Parameterized datatypes represent multiple logical interpretations of the underlying physical data, where each parameterized interpretation is a distinct datatype in its own right.

arrow datatype description kdb+ representation
fixed_size_binary (byte_width) fixed-size binary: each value occupies the same number of bytes mixed list of 4h
timestamp (time_unit) exact timestamp encoded with int64_t (as number of seconds, milliseconds, microseconds or nanoseconds since Unix epoch) 12h (with automatic epoch offsetting and TimeUnit scaling)
time32 (time_unit) time as signed 32-bit integer, representing either seconds or milliseconds since midnight 19h (with automatic TimeUnit scaling)
time64 (time_unit) time as signed 64-bit integer, representing either microseconds or nanoseconds since midnight 16h (with automatic TimeUnit scaling)
duration (time_unit) measure of elapsed time in either seconds, milliseconds, microseconds or nanoseconds 16h (with automatic TimeUnit scaling)
decimal128 (precision, scale) precision- and scale-based signed 128-bit integer in twos complement mixed list of 4h (each of length 16)

Nested

Nested datatypes define higher-level groupings of either the child datatypes or its constituent fields. (A field specifies its datatype and the field’s name.)

arrow datatype description kdb+ representation
list (datatype_id) list datatype specified in terms of its child datatype mixed list for the parent list array containing a set of sublists (of type determined by the child datatype), one for each of the list value sets
large_list (datatype_id) large list datatype specified in terms of its child datatype mixed list for the parent list array containing a set of sublists (of type determined by the child datatype), one for each of the list value sets
fixed_size_list (datatype_id, list_size) fixed size list datatype specified in terms of its child datatype and the fixed size of each of the child lists same as variable-length lists, except each of the sublists must be of length equal to the list_size
map (key_datatype_id, item_datatype_id) map datatype specified in terms of its key and item child datatypes mixed list for the parent map array, with a dictionary for each map value set
struct (field_ids) struct datatype specified in terms of a list of its constituent child field identifiers mixed list for the parent struct array, containing child lists for each field in the struct
dictionary (value_datatype_id, index_datatype_id) a dictionary datatype specified in terms of its value and index datatypes, similar to pandas categorical two-item mixed list: values and indexes lists
sparse_union (field_ids) union datatype specified in terms of a list of its constituent child field identifiers similar to a struct array except the mixed list has an additional type_id array (5h) at the start which identifies the live field in each union value set
dense_union (field_ids) union datatype specified in terms of a list of its constituent child field identifiers similar to a struct array except the mixed list has an additional type_id array (5h) at the start which identifies the live field in each union value set

Inferred

You can have arrowkbd infer a suitable Arrow datatype from the type of a kdb+ list.

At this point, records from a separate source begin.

lemma prime_ideal_var_ideal:
  assumes "A \<noteq> {}"
  shows "prime_ideal (var_ideal A :: ('v::finite, 'k::idom) mpoly set)"
proof -
  let ?Q = "var_ideal A :: ('v, 'k) mpoly set"
  let ?avoids = "\<lambda>m::'v \<Rightarrow>\<^sub>0 nat. \<forall>a\<in>A. Poly_Mapping.lookup m a = 0"
  define proj where
    "proj g = Abs_poly_mapping (\<lambda>m. if ?avoids m then Poly_Mapping.lookup g m else 0)" for g :: "('v, 'k) mpoly"
  have lookup_proj: "Poly_Mapping.lookup (proj g) m = (if ?avoids m then Poly_Mapping.lookup g m else 0)" for g m
  proof -
    have "finite {m. (if ?avoids m then Poly_Mapping.lookup g m else 0) \<noteq> 0}"
      by (rule finite_subset[of _ "Poly_Mapping.keys g"]) (auto simp: in_keys_iff)
    then show ?thesis
      unfolding proj_def by simp
  qed
  have rest_in: "g - proj g \<in> ?Q" for g
    unfolding var_ideal_def by (auto simp: in_keys_iff lookup_minus lookup_proj split: if_splits)
  have proj_nonzero: "proj g \<noteq> 0" if g: "g \<notin> ?Q" for g
  proof -
    obtain m where "m \<in> Poly_Mapping.keys g" "?avoids m"
      using g unfolding var_ideal_def by auto
    then have "Poly_Mapping.lookup (proj g) m \<noteq> 0"
      by (simp add: lookup_proj in_keys_iff)
    then show ?thesis by auto
  qed
  have keys_proj_mult: "?avoids m" if m: "m \<in> Poly_Mapping.keys (proj g * proj h)" for g h m
  proof -
    obtain x y where "x \<in> Poly_Mapping.keys (proj g)" "y \<in> Poly_Mapping.keys (proj h)" "m = x + y"
      using m keys_mult by blast
    then show ?thesis
      by (auto simp: in_keys_iff lookup_proj lookup_add split: if_splits)
  qed
  have "g \<in> ?Q \<or> h \<in> ?Q" if "g * h \<in> ?Q" for g h
  proof (rule ccontr)
    assume "\<not> (g \<in> ?Q \<or> h \<in> ?Q)"
    then have "proj g * proj h \<noteq> 0"
      using proj_nonzero mpoly_mult_neq_zero by blast
    have "proj g * proj h = g * h - proj g * (h - proj h) - h * (g - proj g)"
      by (simp add: algebra_simps)
    also have "\<dots> \<in> ?Q"
      using that ideal_mult_left[OF is_ideal_var_ideal rest_in]
      by (intro ideal_diff is_ideal_var_ideal)
    finally have "Poly_Mapping.keys (proj g * proj h) = {}"
      using keys_proj_mult unfolding var_ideal_def by fastforce
    with \<open>proj g * proj h \<noteq> 0\<close> show False by simp
  qed
  moreover have "1 \<notin> ?Q"
    using assms unfolding var_ideal_def by simp
  ultimately show ?thesis
    unfolding prime_ideal_def using is_ideal_var_ideal by blast
qed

Similarly, Arrow schemas can be inferred from a kdb+ table.

This approach is easier to use but supports only a subset of the Arrow datatypes and is considerably less flexible.

Infer Arrow datatypes if you are less familiar with Arrow or do not wish to use the more complex or nested Arrow datatypes.

kdb+ list type inferred Arrow datatype notes
1h boolean
2h fixed_size_binary (16) writing path only, reads as mixed list of 4h
4h int8
5h int16
6h int32
7h int64
8h float32
9h float64
10h int8 writing path only, reads as 4h
11h utf8 writing path only, reads as mixed list of 10h
12h timestamp (nano)
13h month_interval
14h date32
15h NA cast in q with `timestamp$
16h time64 (nano)
17h NA cast in q with `time$
18h NA cast in q with `time$
19h time32 (milli)
mixed list of 4h binary
mixed list of 10h utf8
The inference works only for trivial kdb+ lists containing simple datatypes

Only mixed lists of char arrays or byte arrays are supported, mapped to Arrow UTF8 and binary datatypes respectively. Other mixed list structures (e.g. those used by the nested arrow datatypes) cannot be interpreted – if required, create manually using the datatype constructors

Parquet datatype limitations

The Parquet file format is less fully featured compared to Arrow and consequently the Arrow/Parquet file writer currently does not support some datatypes or represents them using a different datatype:

Arrow datatype status as of apache-arrow-2.0.0
float16 unsupported
month_interval unsupported
day_time_interval unsupported
duration unsupported
large_utf8 unsupported
large_binary unsupported
sparse_union unsupported
dense_union unsupported
date64 mapped to date32 (days)
fixed_size_list mapped to list
dictionary categorical representation stored
uint32 Parquet v2.0 only, otherwise mapped to int64
timestamp(nano) Parquet v2.0 only, otherwise mapped to timestamp (milli)

Arrow fields

An Arrow field describes a column in the table and is composed of a datatype and a string field name.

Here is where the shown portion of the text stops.